From the records below, copy each line that has the word "thesis" in it.

----- Available data

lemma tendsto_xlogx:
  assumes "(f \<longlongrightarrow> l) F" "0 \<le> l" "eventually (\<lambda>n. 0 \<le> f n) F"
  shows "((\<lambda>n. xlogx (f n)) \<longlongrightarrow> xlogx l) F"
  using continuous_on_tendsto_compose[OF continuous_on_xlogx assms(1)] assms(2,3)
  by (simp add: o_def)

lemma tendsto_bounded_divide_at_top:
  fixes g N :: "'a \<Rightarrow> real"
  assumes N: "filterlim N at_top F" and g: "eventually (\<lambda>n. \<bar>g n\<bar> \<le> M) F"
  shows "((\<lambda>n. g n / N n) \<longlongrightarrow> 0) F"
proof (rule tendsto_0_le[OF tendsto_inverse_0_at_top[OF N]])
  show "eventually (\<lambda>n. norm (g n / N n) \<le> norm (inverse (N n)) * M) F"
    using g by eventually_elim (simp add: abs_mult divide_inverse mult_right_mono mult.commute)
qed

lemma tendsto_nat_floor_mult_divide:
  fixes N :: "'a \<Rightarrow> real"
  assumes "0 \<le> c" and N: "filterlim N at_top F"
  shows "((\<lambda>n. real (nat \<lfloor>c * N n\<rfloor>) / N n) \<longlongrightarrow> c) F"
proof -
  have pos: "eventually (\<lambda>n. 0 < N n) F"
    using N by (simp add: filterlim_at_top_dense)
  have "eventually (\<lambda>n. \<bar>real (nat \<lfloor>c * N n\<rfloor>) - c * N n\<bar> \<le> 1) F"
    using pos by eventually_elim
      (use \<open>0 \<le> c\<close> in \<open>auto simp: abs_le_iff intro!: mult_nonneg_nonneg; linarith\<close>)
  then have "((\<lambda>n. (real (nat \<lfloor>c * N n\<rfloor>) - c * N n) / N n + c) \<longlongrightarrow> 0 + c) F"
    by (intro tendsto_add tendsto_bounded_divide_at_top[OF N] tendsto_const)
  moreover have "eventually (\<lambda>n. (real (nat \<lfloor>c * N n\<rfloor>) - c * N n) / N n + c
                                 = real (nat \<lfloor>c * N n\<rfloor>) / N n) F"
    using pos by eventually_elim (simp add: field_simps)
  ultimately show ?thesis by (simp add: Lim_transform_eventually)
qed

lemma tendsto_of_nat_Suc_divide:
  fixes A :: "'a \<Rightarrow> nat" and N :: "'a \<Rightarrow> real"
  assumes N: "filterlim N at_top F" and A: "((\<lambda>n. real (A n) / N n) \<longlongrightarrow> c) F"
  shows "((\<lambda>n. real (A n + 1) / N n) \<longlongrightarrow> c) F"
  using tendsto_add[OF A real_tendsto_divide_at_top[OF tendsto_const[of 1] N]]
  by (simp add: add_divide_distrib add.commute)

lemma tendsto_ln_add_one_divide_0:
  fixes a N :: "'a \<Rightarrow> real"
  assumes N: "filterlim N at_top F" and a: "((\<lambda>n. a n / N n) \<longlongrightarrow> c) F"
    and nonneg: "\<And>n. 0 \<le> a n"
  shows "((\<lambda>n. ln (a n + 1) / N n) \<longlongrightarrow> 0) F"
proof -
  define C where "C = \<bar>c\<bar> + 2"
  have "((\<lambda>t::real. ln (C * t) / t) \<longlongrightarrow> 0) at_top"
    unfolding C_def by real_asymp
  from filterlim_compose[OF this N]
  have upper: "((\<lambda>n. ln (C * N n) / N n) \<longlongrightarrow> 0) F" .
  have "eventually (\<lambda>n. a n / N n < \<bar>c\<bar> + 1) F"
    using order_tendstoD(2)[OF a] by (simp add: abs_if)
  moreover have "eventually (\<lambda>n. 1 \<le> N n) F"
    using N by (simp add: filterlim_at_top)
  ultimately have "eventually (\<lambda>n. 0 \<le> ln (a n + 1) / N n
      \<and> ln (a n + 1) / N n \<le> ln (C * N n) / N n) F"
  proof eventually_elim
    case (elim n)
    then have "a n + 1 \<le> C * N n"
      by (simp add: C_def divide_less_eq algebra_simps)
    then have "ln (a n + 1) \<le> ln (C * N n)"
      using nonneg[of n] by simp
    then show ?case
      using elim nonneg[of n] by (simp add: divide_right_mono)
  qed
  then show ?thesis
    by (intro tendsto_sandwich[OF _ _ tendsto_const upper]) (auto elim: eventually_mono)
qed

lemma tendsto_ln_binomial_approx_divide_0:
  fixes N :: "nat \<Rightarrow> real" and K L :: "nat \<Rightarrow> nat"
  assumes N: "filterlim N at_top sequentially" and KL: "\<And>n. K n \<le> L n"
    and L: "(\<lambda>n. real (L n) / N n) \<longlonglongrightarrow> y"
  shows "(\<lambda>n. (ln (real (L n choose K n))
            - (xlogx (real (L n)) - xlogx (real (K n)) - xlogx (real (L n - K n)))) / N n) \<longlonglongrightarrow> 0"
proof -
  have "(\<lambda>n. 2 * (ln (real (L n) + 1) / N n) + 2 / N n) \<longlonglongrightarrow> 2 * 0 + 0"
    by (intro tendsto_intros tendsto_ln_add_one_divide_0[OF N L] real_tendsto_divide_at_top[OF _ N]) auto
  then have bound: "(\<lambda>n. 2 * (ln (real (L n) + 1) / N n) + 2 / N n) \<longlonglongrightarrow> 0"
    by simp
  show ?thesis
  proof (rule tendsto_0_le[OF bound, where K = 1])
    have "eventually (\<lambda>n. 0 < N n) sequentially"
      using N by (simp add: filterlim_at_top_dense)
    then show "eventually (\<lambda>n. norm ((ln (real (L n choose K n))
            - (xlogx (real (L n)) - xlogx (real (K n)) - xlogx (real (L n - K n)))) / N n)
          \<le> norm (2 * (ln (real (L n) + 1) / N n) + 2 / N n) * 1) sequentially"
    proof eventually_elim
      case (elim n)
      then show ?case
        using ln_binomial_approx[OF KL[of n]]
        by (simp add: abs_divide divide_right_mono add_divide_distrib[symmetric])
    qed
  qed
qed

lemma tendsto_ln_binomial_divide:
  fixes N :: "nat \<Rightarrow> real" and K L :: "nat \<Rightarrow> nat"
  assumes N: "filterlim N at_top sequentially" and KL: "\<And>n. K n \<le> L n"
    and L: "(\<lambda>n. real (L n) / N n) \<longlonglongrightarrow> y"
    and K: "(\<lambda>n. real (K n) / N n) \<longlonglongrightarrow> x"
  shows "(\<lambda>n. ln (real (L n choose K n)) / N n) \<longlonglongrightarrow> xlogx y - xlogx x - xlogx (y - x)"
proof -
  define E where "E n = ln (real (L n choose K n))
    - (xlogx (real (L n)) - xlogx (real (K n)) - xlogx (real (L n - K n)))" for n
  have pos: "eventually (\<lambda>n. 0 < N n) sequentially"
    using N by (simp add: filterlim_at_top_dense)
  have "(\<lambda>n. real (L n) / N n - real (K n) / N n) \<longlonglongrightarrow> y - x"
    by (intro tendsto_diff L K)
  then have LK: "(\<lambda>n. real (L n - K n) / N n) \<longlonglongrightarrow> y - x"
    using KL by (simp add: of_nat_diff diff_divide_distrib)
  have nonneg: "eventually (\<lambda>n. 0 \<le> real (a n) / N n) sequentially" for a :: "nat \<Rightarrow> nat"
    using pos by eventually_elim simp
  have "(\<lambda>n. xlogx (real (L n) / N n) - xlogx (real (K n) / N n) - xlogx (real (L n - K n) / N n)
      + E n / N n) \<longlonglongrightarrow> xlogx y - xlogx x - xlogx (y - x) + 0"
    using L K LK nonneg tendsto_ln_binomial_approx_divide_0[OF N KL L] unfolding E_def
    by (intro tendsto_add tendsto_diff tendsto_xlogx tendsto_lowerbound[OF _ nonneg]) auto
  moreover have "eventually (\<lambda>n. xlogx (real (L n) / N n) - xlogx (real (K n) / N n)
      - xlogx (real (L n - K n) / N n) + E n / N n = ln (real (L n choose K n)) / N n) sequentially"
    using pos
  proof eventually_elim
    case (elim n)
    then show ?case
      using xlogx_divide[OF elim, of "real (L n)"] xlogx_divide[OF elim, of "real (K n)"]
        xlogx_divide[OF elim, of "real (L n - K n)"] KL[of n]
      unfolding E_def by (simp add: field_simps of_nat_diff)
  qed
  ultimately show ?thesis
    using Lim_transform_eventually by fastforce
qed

----------
----- Available data

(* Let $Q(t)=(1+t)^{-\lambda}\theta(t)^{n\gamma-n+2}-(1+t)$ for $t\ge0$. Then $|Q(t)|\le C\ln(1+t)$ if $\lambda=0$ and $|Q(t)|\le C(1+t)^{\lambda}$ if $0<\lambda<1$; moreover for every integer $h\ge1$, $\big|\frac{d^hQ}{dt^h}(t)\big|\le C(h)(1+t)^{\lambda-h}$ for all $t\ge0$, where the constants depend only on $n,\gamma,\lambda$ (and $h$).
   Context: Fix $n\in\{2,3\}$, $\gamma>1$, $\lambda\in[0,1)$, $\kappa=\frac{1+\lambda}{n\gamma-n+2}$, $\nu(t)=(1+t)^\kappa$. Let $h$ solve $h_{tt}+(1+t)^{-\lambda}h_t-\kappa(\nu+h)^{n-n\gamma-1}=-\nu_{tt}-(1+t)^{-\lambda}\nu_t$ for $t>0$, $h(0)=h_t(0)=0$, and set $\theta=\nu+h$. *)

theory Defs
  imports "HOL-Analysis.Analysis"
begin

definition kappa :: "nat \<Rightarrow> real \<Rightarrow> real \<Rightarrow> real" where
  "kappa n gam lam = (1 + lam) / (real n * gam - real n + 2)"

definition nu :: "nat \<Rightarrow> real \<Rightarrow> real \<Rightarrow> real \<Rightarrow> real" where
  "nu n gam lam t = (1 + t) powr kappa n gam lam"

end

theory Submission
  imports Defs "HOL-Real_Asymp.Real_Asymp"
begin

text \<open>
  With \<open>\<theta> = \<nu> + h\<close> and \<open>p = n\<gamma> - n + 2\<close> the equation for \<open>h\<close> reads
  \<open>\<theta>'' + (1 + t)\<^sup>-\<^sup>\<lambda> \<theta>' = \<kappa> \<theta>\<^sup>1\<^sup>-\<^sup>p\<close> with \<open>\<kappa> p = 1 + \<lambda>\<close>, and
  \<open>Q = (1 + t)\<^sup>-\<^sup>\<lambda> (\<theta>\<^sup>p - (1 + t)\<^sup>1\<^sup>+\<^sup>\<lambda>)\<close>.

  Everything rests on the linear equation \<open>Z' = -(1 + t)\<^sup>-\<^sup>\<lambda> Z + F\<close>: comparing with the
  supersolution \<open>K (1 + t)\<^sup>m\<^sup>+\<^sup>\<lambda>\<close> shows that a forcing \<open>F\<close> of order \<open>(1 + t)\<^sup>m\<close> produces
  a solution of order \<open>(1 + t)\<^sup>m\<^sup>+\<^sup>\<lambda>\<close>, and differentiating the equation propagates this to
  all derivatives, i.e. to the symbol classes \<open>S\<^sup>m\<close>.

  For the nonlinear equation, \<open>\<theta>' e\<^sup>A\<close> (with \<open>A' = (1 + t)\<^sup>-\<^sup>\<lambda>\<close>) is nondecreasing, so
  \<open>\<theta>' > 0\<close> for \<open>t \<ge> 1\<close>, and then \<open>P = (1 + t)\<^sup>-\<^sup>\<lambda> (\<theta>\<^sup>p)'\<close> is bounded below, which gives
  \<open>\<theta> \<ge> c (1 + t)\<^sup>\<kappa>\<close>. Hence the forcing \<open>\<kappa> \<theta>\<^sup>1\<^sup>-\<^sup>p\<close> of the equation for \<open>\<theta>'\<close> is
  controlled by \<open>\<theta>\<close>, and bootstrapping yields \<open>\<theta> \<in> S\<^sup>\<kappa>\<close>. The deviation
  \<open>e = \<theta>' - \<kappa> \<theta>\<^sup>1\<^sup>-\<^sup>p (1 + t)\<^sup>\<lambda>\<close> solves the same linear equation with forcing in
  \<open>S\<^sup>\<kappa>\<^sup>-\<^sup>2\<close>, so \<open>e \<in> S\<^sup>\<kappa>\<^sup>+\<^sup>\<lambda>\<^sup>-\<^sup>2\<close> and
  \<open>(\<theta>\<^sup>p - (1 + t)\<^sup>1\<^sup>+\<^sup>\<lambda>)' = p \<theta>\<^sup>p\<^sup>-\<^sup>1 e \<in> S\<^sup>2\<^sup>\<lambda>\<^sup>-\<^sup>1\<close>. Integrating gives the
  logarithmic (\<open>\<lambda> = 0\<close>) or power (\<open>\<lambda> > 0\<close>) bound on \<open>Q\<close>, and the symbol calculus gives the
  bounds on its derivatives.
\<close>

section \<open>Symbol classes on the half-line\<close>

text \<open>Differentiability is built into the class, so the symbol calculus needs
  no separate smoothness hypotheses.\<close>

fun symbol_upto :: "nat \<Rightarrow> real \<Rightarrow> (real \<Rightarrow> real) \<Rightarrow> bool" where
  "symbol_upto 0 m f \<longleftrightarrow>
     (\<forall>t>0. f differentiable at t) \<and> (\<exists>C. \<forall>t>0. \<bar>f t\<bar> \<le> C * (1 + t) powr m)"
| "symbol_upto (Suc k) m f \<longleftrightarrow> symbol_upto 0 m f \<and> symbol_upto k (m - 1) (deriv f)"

----------
----- Available data

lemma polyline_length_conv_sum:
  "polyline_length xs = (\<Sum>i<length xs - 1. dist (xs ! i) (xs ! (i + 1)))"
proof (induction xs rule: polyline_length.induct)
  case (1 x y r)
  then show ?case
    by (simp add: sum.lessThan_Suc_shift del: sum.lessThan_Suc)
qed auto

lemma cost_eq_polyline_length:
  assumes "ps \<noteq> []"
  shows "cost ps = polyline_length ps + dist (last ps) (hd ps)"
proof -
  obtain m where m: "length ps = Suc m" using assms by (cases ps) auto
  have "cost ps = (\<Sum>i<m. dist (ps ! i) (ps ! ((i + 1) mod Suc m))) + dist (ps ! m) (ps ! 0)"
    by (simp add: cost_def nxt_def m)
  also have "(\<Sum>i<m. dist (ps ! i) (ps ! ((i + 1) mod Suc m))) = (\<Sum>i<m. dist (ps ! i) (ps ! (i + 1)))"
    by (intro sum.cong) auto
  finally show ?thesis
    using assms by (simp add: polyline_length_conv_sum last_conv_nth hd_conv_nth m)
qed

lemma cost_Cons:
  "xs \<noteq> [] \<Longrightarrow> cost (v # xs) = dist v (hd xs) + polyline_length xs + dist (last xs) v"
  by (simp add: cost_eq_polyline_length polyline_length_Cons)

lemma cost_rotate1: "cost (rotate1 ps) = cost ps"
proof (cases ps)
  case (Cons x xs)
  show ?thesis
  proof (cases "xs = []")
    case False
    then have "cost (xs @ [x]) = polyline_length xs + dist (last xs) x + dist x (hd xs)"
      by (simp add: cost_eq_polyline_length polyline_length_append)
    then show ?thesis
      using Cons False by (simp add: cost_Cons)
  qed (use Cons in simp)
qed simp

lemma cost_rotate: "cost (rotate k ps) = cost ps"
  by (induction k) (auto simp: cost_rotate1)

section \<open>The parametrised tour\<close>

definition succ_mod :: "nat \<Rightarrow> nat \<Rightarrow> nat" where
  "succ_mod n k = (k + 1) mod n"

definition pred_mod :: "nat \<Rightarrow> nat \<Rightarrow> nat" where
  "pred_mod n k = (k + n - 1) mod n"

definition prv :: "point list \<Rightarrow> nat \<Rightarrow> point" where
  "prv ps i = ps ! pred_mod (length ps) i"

----------

● **Task answer**
  ultimately show ?thesis by (simp add: Lim_transform_eventually)
  then show ?thesis
  show ?thesis
  ultimately show ?thesis
  finally show ?thesis
  show ?thesis
    then show ?thesis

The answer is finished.